I want to use 'taskQueuePosition' to control the order, tasks with lower numbers should be executed first.

Questions:

  1. Does anybody know any sources where I can get more information on doing this with doRedis or on setGetTask?
  2. Does anybody know how I need to change getTask to achieve the above described?
  3. Any other smart ideas to control the order of execution in a foreach loop? Preferably so that at some point I can use doRedis as parallel back end (changing this would mean a major change in the processing due to complicated technical infrastructure reasons).

Code (for easy reproduction):

The following assumes that the redis-server is started on the local machine.

Redis DB Filling:

library(doRedis)
library(foreach)

options('redis:num'=TRUE) # needed for proper execution

REDIS_JOB_QUEUE = "jobs"
registerDoRedis(REDIS_JOB_QUEUE)

# filling up the data frame
taskDF = data.frame(taskName=c("taskT","taskK","taskP","taskA"),
           taskQueuePosition=c(1,2,3,4),
           parameter1=c("val1","val2","val3","val4"),
           parameterN=c(10,8,7,7))

foreach(currTask=iter(taskDF, by='row'), 
        .verbose = T
) %dopar% {
  print(paste("Executing task: ",currTask$taskName))
  Sys.sleep(currTask$parameterN)
}

removeQueue(REDIS_JOB_QUEUE)

Worker:

library(doRedis)
REDIS_JOB_QUEUE = "jobs"

startLocalWorkers(n=1, queue=REDIS_JOB_QUEUE)

I could solve the problem and now can control the order of task execution.

Additional information:

1. There seems to be a typo in the documentation, that renders the getTask example not working. By considering the form of the default_getTask function from the file task.R in the package, it should look probably something like:

getTaskDefault <- function ( queue , job_id , ...)
{
  key <- sprintf("%s:%s",queue, job_id)
  return(redisEval("local x=redis.call('hkeys',KEYS[1])[1];
                   if x==nil then return nil end;
                   local ans=redis.call('hget',KEYS[1],x);
                   redis.call('set', KEYS[1] .. '.start.' .. x, x);
                   redis.call('hdel',KEYS[1],x);
                   return ans",key))
}

It seems that the letters behind first percent sign in the first line of the function got lost. This would explain the uneven number of brackets and quotes.

2) setGetTask still does not have any effect for me. When I set the getTask function though through .option while the DB is filled (like it is described in the vignette of the package ) it is successfully called.

3) The information on 2) means that I do not need the getTask function, so I can use the package from CRAN.

----- Questions -----

1) The doRedis vignette describes how a custom getTask can be successfully set.

2 and 3) When the LUA script in getTask function is modified like below, the tasks are drawn from the database in the way they are submitted.
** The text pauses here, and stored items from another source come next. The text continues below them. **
(* Define, for $x\ge 0$, $$f(x):=\frac12\,\mathrm{Erfc}\Big(-\frac{x}{2\sqrt2}\Big)+\frac12\,e^{3x^2}\,\mathrm{Erfc}\Big(\frac{5x}{2\sqrt2}\Big).$$ Then for all $x\ge 0$, $$f(x)\ge N\Big(\frac1{\sqrt5}\Big)+\frac1{12}\sqrt{\frac{10}{\pi}}\,e^{-1/10}\ (\approx 0.8072).$$
   Context: $\mathrm{Erfc}(x):=\frac{2}{\sqrt\pi}\int_x^\infty e^{-v^2}dv$ for $x\in\mathbb{R}$, and $N(x):=\frac1{\sqrt{2\pi}}\int_{-\infty}^x e^{-v^2/2}dv$ is the standard normal distribution function. *)

theory Defs
  imports "HOL-Analysis.Analysis"
begin

definition Erfc :: "real \<Rightarrow> real" where
  "Erfc x = 2 / sqrt pi * (LBINT v:{x..}. exp (- (v\<^sup>2)))"

definition N :: "real \<Rightarrow> real" where
  "N x = 1 / sqrt (2 * pi) * (LBINT v:{..x}. exp (- (v\<^sup>2) / 2))"

definition f :: "real \<Rightarrow> real" where
  "f x = 1/2 * Erfc (- x / (2 * sqrt 2)) + 1/2 * exp (3 * x\<^sup>2) * Erfc (5 * x / (2 * sqrt 2))"

end

theory Submission
  imports Defs "HOL-Probability.Probability" "HOL-Real_Asymp.Real_Asymp"
begin

text \<open>
  Write G t for the Gaussian tail integral of exp (- v^2 / 2) over [t, \<infinity>) and
  R t = exp (t^2 / 2) * G t for Mills' ratio. With u = x / 2 one has
  sqrt (2 * pi) * f x = F u = G (- u) + exp (- u^2 / 2) * R (5 * u), and
  F' u = 4 * exp (- u^2 / 2) * (6 * u * R (5 * u) - 1).
  Mills' inequality R t \<ge> t / (1 + t^2) makes t * R t increasing, so F first decreases and
  then increases, and its minimum on [0, \<infinity>) is attained at some w \<le> 1 / sqrt 5 with
  6 * w * R (5 * w) = 1. Wherever 6 * u * R (5 * u) \<ge> 1, F u is at least
  K u = G (- u) + exp (- u^2 / 2) / (6 * u), and K is minimal on (0, \<infinity>) at 1 / sqrt 5,
  where K / sqrt (2 * pi) is exactly the claimed bound.
\<close>

definition gauss_tail :: "real \<Rightarrow> real" where
  "gauss_tail t = (LBINT v:{t..}. exp (- v\<^sup>2 / 2))"

lemma integrable_gauss: "integrable lborel (\<lambda>v::real. exp (- v\<^sup>2 / 2))"
proof -
  have "integrable lborel (\<lambda>v. sqrt (2 * pi) * std_normal_density v)"
    by (intro integrable_mult_right) simp
  then show ?thesis by (simp add: std_normal_density_def)
qed

lemma set_integrable_gauss: "A \<in> sets borel \<Longrightarrow> set_integrable lborel A (\<lambda>v::real. exp (- v\<^sup>2 / 2))"
  using integrable_gauss unfolding set_integrable_def by (intro integrable_mult_indicator) auto

lemma gauss_tail_split:
  "a \<le> b \<Longrightarrow> gauss_tail a = (LBINT v=a..b. exp (- v\<^sup>2 / 2)) + gauss_tail b"
proof -
  assume "a \<le> b"
  then have "{a..} = {a..<b} \<union> {b..}" by auto
  then have "gauss_tail a = (LBINT v:{a..<b} \<union> {b..}. exp (- v\<^sup>2 / 2))"
    by (simp add: gauss_tail_def)
  also have "\<dots> = (LBINT v:{a..<b}. exp (- v\<^sup>2 / 2)) + gauss_tail b"
    unfolding gauss_tail_def by (intro set_integral_Un set_integrable_gauss) auto
  finally show ?thesis using \<open>a \<le> b\<close> by (simp add: interval_integral_Ico)
qed

lemma gauss_tail_has_real_derivative:
  "(gauss_tail has_real_derivative - exp (- t\<^sup>2 / 2)) (at t)"
proof -
  let ?I = "\<lambda>u. LBINT v=t-1..u. exp (- v\<^sup>2 / 2)"
  have "(?I has_vector_derivative exp (- t\<^sup>2 / 2)) (at t within {t-1..t+1})"
    by (rule interval_integral_FTC2) (auto intro!: continuous_intros)
  then have "(?I has_vector_derivative exp (- t\<^sup>2 / 2)) (at t)"
    by (subst has_vector_derivative_within_open[of _ "{t-1<..<t+1}", symmetric])
       (auto elim: has_vector_derivative_within_subset)
  then have "((\<lambda>u. gauss_tail (t-1) - ?I u) has_real_derivative - exp (- t\<^sup>2 / 2)) (at t)"
    by (auto intro!: derivative_eq_intros simp: has_real_derivative_iff_has_vector_derivative)
  then show ?thesis
  proof (rule has_field_derivative_transform_within_open[where S="{t-1<..}"])
    show "gauss_tail (t-1) - ?I u = gauss_tail u" if "u \<in> {t-1<..}" for u
      using gauss_tail_split[of "t-1" u] that by simp
  qed auto
qed

lemma has_real_derivative_gauss_tail_comp [derivative_intros]:
  "(g has_real_derivative g') (at x within S) \<Longrightarrow>
   ((\<lambda>x. gauss_tail (g x)) has_real_derivative - exp (- (g x)\<^sup>2 / 2) * g') (at x within S)"
  by (rule DERIV_chain2[OF gauss_tail_has_real_derivative])

lemma gauss_tail_tendsto_0: "(gauss_tail \<longlongrightarrow> 0) at_top"
proof -
  have "((\<lambda>b. LBINT v:{0..b}. exp (- v\<^sup>2 / 2)) \<longlongrightarrow> gauss_tail 0) at_top"
    unfolding gauss_tail_def
    by (intro tendsto_set_lebesgue_integral_at_top set_integrable_gauss) auto
  then have "((\<lambda>b. gauss_tail 0 - (LBINT v:{0..b}. exp (- v\<^sup>2 / 2))) \<longlongrightarrow> 0) at_top"
    by (auto intro: tendsto_eq_intros)
  then show ?thesis
  proof (rule Lim_transform_eventually)
    show "\<forall>\<^sub>F b in at_top. gauss_tail 0 - (LBINT v:{0..b}. exp (- v\<^sup>2 / 2)) = gauss_tail b"
      using eventually_ge_at_top[of "0::real"]
      by eventually_elim (auto simp: gauss_tail_split interval_integral_Icc)
  qed
qed

lemma set_integral_lborel_scale:
  fixes g :: "real \<Rightarrow> real"
  assumes "c \<noteq> 0"
  shows "(LBINT v:A. g v) = \<bar>c\<bar> * (LBINT w:{w. c * w \<in> A}. g (c * w))"
  using lborel_integral_real_affine[OF assms, of "\<lambda>v. indicator A v * g v" 0]
  by (simp add: set_lebesgue_integral_def indicator_def)

lemma Erfc_eq_gauss_tail: "Erfc y = sqrt 2 / sqrt pi * gauss_tail (sqrt 2 * y)"
proof -
  have "{w. w / sqrt 2 \<in> {y..}} = {sqrt 2 * y..}"
    by (auto simp: field_simps)
  then have "(LBINT v:{y..}. exp (- v\<^sup>2)) = gauss_tail (sqrt 2 * y) / sqrt 2"
    using set_integral_lborel_scale[where c="1 / sqrt 2" and g="\<lambda>v. exp (- v\<^sup>2)" and A="{y..}"]
    by (simp add: gauss_tail_def power_divide)
  moreover have "2 / sqrt 2 = sqrt (2::real)"
    by (simp add: real_div_sqrt)
  ultimately show ?thesis
    unfolding Erfc_def by (metis times_divide_eq_left times_divide_eq_right)
qed

lemma N_eq_gauss_tail: "N x = gauss_tail (- x) / sqrt (2 * pi)"
proof -
  have "{w. - w \<in> {..x}} = {- x..}"
    by auto
  then have "(LBINT v:{..x}. exp (- v\<^sup>2 / 2)) = gauss_tail (- x)"
    using set_integral_lborel_scale[where c="-1" and g="\<lambda>v. exp (- v\<^sup>2 / 2)" and A="{..x}"]
    by (simp add: gauss_tail_def)
  then show ?thesis
    unfolding N_def by simp
qed

definition mills_ratio :: "real \<Rightarrow> real" where
  "mills_ratio t = exp (t\<^sup>2 / 2) * gauss_tail t"

lemma mills_ratio_has_real_derivative:
  "(mills_ratio has_real_derivative t * mills_ratio t - 1) (at t)"
proof -
  have "exp (t\<^sup>2 / 2) * exp (- t\<^sup>2 / 2) = 1"
    by (simp add: exp_minus field_simps)
  then show ?thesis
    unfolding mills_ratio_def[abs_def]
    by (auto intro!: derivative_eq_intros simp: algebra_simps)
qed

lemma has_real_derivative_mills_ratio_comp [derivative_intros]:
  "(g has_real_derivative g') (at x within S) \<Longrightarrow>
   ((\<lambda>x. mills_ratio (g x)) has_real_derivative (g x * mills_ratio (g x) - 1) * g') (at x within S)"
  by (rule DERIV_chain2[OF mills_ratio_has_real_derivative])

lemma continuous_on_mills_ratio_comp [continuous_intros]:
  "continuous_on S g \<Longrightarrow> continuous_on S (\<lambda>x. mills_ratio (g x))"
  by (metis DERIV_isCont continuous_at_imp_continuous_on continuous_on_compose2
      mills_ratio_has_real_derivative subset_UNIV)

lemma gauss_tail_lower_bound: "t / (1 + t\<^sup>2) * exp (- t\<^sup>2 / 2) \<le> gauss_tail t"
proof -
  define L where "L s = gauss_tail s - s / (1 + s\<^sup>2) * exp (- s\<^sup>2 / 2)" for s
  have L_deriv: "(L has_real_derivative - 2 * exp (- s\<^sup>2 / 2) / (1 + s\<^sup>2)\<^sup>2) (at s)" for s
  proof -
    have "1 + s\<^sup>2 \<noteq> 0"
      by (smt (verit) zero_le_power2)
    then show ?thesis
      unfolding L_def[abs_def]
      by (auto intro!: derivative_eq_intros) (simp add: divide_simps power2_eq_square; simp add: algebra_simps)
  qed
  have "((\<lambda>s::real. s / (1 + s\<^sup>2) * exp (- s\<^sup>2 / 2)) \<longlongrightarrow> 0) at_top"
    by real_asymp
  then have "(L \<longlongrightarrow> 0) at_top"
    unfolding L_def[abs_def] using gauss_tail_tendsto_0 tendsto_diff by fastforce
  moreover have "\<forall>\<^sub>F s in at_top. L s \<le> L t"
    using eventually_ge_at_top[of t]
  proof eventually_elim
    case (elim s)
    show ?case
      by (rule deriv_nonpos_imp_antimono[OF L_deriv _ elim]) (simp add: divide_nonpos_pos)
  qed
  ultimately have "0 \<le> L t"
    by (intro tendsto_le[OF trivial_limit_at_top_linorder tendsto_const])
  then show ?thesis
    by (simp add: L_def)
qed

lemma mills_ratio_lower_bound: "t / (1 + t\<^sup>2) \<le> mills_ratio t"
proof -
  have "t / (1 + t\<^sup>2) = exp (t\<^sup>2 / 2) * (t / (1 + t\<^sup>2) * exp (- t\<^sup>2 / 2))"
    by (metis exp_minus_inverse minus_divide_left mult.left_commute mult_1_right)
  also have "\<dots> \<le> mills_ratio t"
    unfolding mills_ratio_def using gauss_tail_lower_bound by (intro mult_left_mono) auto
  finally show ?thesis .
qed

lemma mono_times_mills_ratio: "mono (\<lambda>t. t * mills_ratio t)"
proof (rule monoI)
  fix a b :: real
  assume "a \<le> b"
  have deriv: "((\<lambda>t. t * mills_ratio t) has_real_derivative (1 + t\<^sup>2) * mills_ratio t - t) (at t)" for t
    by (auto intro!: derivative_eq_intros simp: algebra_simps power2_eq_square)
  have nonneg: "0 \<le> (1 + t\<^sup>2) * mills_ratio t - t" for t
  proof -
    have "0 < 1 + t\<^sup>2"
      by (simp add: add_pos_nonneg)
    then show ?thesis
      using mills_ratio_lower_bound[of t] by (simp add: field_simps)
  qed
  show "a * mills_ratio a \<le> b * mills_ratio b"
    using deriv_nonneg_imp_mono[OF deriv nonneg \<open>a \<le> b\<close>] by simp
qed

definition F :: "real \<Rightarrow> real" where
  "F u = gauss_tail (- u) + exp (- u\<^sup>2 / 2) * mills_ratio (5 * u)"

definition K :: "real \<Rightarrow> real" where
  "K v = gauss_tail (- v) + exp (- v\<^sup>2 / 2) / (6 * v)"

lemma F_has_real_derivative:
  "(F has_real_derivative 4 * exp (- u\<^sup>2 / 2) * (6 * u * mills_ratio (5 * u) - 1)) (at u)"
  unfolding F_def[abs_def] by (auto intro!: derivative_eq_intros simp: algebra_simps)

lemma K_has_real_derivative:
  "v \<noteq> 0 \<Longrightarrow> (K has_real_derivative exp (- v\<^sup>2 / 2) * (5 * v\<^sup>2 - 1) / (6 * v\<^sup>2)) (at v)"
  unfolding K_def[abs_def]
  by (auto intro!: derivative_eq_intros) (simp add: field_simps power2_eq_square)

lemma K_le_F:
  assumes "0 < u" and "1 \<le> 6 * u * mills_ratio (5 * u)"
  shows "K u \<le> F u"
proof -
  have "1 / (6 * u) \<le> mills_ratio (5 * u)"
    using assms by (simp add: divide_le_eq mult.commute)
  then have "exp (- u\<^sup>2 / 2) * (1 / (6 * u)) \<le> exp (- u\<^sup>2 / 2) * mills_ratio (5 * u)"
    by (intro mult_left_mono) auto
  then show ?thesis
    by (simp add: K_def F_def)
qed

lemma K_inv_sqrt5_le:
  assumes "0 < v"
  shows "K (1 / sqrt 5) \<le> K v"
proof -
  let ?c = "1 / sqrt 5 :: real"
  have c: "0 < ?c" "5 * ?c\<^sup>2 = 1"
    by (simp_all add: power_divide)
  have deriv: "(K has_real_derivative exp (- x\<^sup>2 / 2) * (5 * x\<^sup>2 - 1) / (6 * x\<^sup>2)) (at x)"
    if "0 < x" for x
    using that by (intro K_has_real_derivative) auto
  show ?thesis
  proof (cases "v \<le> ?c")
    case True
    show ?thesis
    proof (rule deriv_nonpos_imp_antimono[OF deriv _ True])
      fix x
      assume x: "x \<in> {v..?c}"
      then show "0 < x"
        using assms by auto
      have "x\<^sup>2 \<le> ?c\<^sup>2"
        using x assms by (intro power_mono) auto
      then show "exp (- x\<^sup>2 / 2) * (5 * x\<^sup>2 - 1) / (6 * x\<^sup>2) \<le> 0"
        using c by (intro divide_nonpos_nonneg mult_nonneg_nonpos) auto
    qed
  next
    case False
    show ?thesis
    proof (rule deriv_nonneg_imp_mono[OF deriv])
      fix x
      assume x: "x \<in> {?c..v}"
      then show "0 < x"
        using less_le_trans[OF c(1)] by auto
      have "?c\<^sup>2 \<le> x\<^sup>2"
        using x c by (intro power_mono) auto
      then show "0 \<le> exp (- x\<^sup>2 / 2) * (5 * x\<^sup>2 - 1) / (6 * x\<^sup>2)"
        using c by (intro divide_nonneg_nonneg mult_nonneg_nonneg) auto
    qed (use False in auto)
  qed
qed

lemma K_inv_sqrt5_le_F:
  assumes "0 \<le> u"
  shows "K (1 / sqrt 5) \<le> F u"
proof -
  define P where "P w = 6 * w * mills_ratio (5 * w) - 1" for w
  have P_mono: "P a \<le> P b" if "a \<le> b" for a b
    using monoD[OF mono_times_mills_ratio, of "5 * a" "5 * b"] that by (simp add: P_def)
  have P_crit: "0 \<le> P (1 / sqrt 5)"
    using mills_ratio_lower_bound[of "sqrt 5"] by (simp add: P_def real_div_sqrt field_simps)
  have F_ge: "K (1 / sqrt 5) \<le> F w" if "0 \<le> w" "0 \<le> P w" for w
  proof -
    have "0 < w"
      using that by (cases "w = 0") (auto simp: P_def)
    then show ?thesis
      using K_inv_sqrt5_le K_le_F that(2) P_def order_trans by fastforce
  qed
  show ?thesis
  proof (cases "0 \<le> P u")
    case True
    with F_ge assms show ?thesis .
  next
    case False
    then have "u \<le> 1 / sqrt 5"
      using P_mono P_crit by (meson linorder_le_cases order_trans)
    moreover have "continuous_on {u..1 / sqrt 5} P"
      unfolding P_def by (intro continuous_intros)
    ultimately obtain w where w: "u \<le> w" "P w = 0"
      using IVT'[of P u 0 "1 / sqrt 5"] False P_crit by auto
    have "F w \<le> F u"
    proof (rule deriv_nonpos_imp_antimono[OF F_has_real_derivative _ w(1)])
      fix x
      assume "x \<in> {u..w}"
      then have "P x \<le> 0"
        using P_mono w by fastforce
      then show "4 * exp (- x\<^sup>2 / 2) * (6 * x * mills_ratio (5 * x) - 1) \<le> 0"
        by (simp add: P_def mult_nonneg_nonpos)
    qed
    with F_ge[of w] w assms show ?thesis
      by simp
  qed
qed

lemma f_eq_F: "f x = F (x / 2) / sqrt (2 * pi)"
proof -
  have "exp (- (x / 2)\<^sup>2 / 2) * exp ((5 * (x / 2))\<^sup>2 / 2) = exp (3 * x\<^sup>2)"
    by (simp add: exp_add[symmetric] power_mult_distrib power_divide)
  moreover have "1 / 2 * (sqrt 2 / sqrt pi) = 1 / sqrt (2 * pi)"
    by (simp add: real_sqrt_mult field_simps)
  ultimately show ?thesis
    unfolding f_def F_def mills_ratio_def Erfc_eq_gauss_tail
    by (simp add: field_simps)
qed

lemma lower_bound_eq_K:
  "N (1 / sqrt 5) + 1/12 * sqrt (10 / pi) * exp (- 1/10) = K (1 / sqrt 5) / sqrt (2 * pi)"
proof -
  have "sqrt (10 / pi) * sqrt (2 * pi) = sqrt (2\<^sup>2 * 5)"
    by (simp add: real_sqrt_mult[symmetric])
  also have "\<dots> = 2 * sqrt 5"
    unfolding real_sqrt_mult real_sqrt_abs by simp
  finally have "1/12 * sqrt (10 / pi) = sqrt 5 / 6 / sqrt (2 * pi)"
    by (simp add: field_simps)
  moreover have "exp (- (1 / sqrt 5)\<^sup>2 / 2) = exp (- 1 / (10::real))"
    by (simp add: power_divide)
  ultimately show ?thesis
    unfolding N_eq_gauss_tail K_def by (simp add: field_simps)
qed

theorem lemma3p1:
  fixes x :: real
  assumes "x \<ge> 0"
  shows "f x \<ge> N (1 / sqrt 5) + 1/12 * sqrt (10 / pi) * exp (- 1/10)"
proof -
  have "K (1 / sqrt 5) \<le> F (x / 2)"
    using K_inv_sqrt5_le_F assms by simp
  then show ?thesis
    unfolding f_eq_F lower_bound_eq_K by (simp add: divide_right_mono)
qed

end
This is not exactly what I was asking for, but due to time restraints and the fact I have (or better had) not the first idea about LUA script, it is imho a satisfying solution to control the order of submission by the taskQueuePosition column.

getTaskInOrder <- function ( queue , job_id , ...)
{

  key <- sprintf("%s:%s",queue, job_id)
  return(redisEval("

        local tasks=redis.call('hkeys',KEYS[1]); -- get all tasks

        local x=tasks[1];           -- get first task available task
        if x==nil then              -- if there are no tasks left, stop processing
          return nil 
        end;  

        local xMin = 65535;         -- if we have more tasks than 65535, getting the 
        -- task with the lowest taskID is not guaranteed to be the first one
        local i = 1;
        -- local iMinFound = -1;
        while (x ~= nil) do         -- search the array until there are no tasks left
        -- print('x: ',x)
        local xNum = tonumber(x);
        if(xNum<xMin) then
          xMin = xNum;
          -- iMinFound = i;
        end
        i=i+1;
        -- print('i is now: ',i);
        x=tasks[i];
        end
        -- print('Minimum is task number',xMin,' found at i ', iMinFound)
        x=tostring(xMin)            -- convert it back to a string (maybe it would 
                                    -- be better to keep the original string somewhere, 
                                    -- in case we loose some information whilst converting to number)

        -- print('x is now:',x);
        -- print(KEYS[1] .. '.start.' .. x, x);
        -- print('');
        local ans=redis.call('hget',KEYS[1],x);
        redis.call('set', KEYS[1] .. '.start.' .. x, x);
        redis.call('hdel',KEYS[1],x);
        return ans",key))
}

Important note: I noticed that if a task is aborted, the order is screwed up and the resubmitted task (even though the task number remains the same), will be executed after the originally submitted tasks. This is okay for me.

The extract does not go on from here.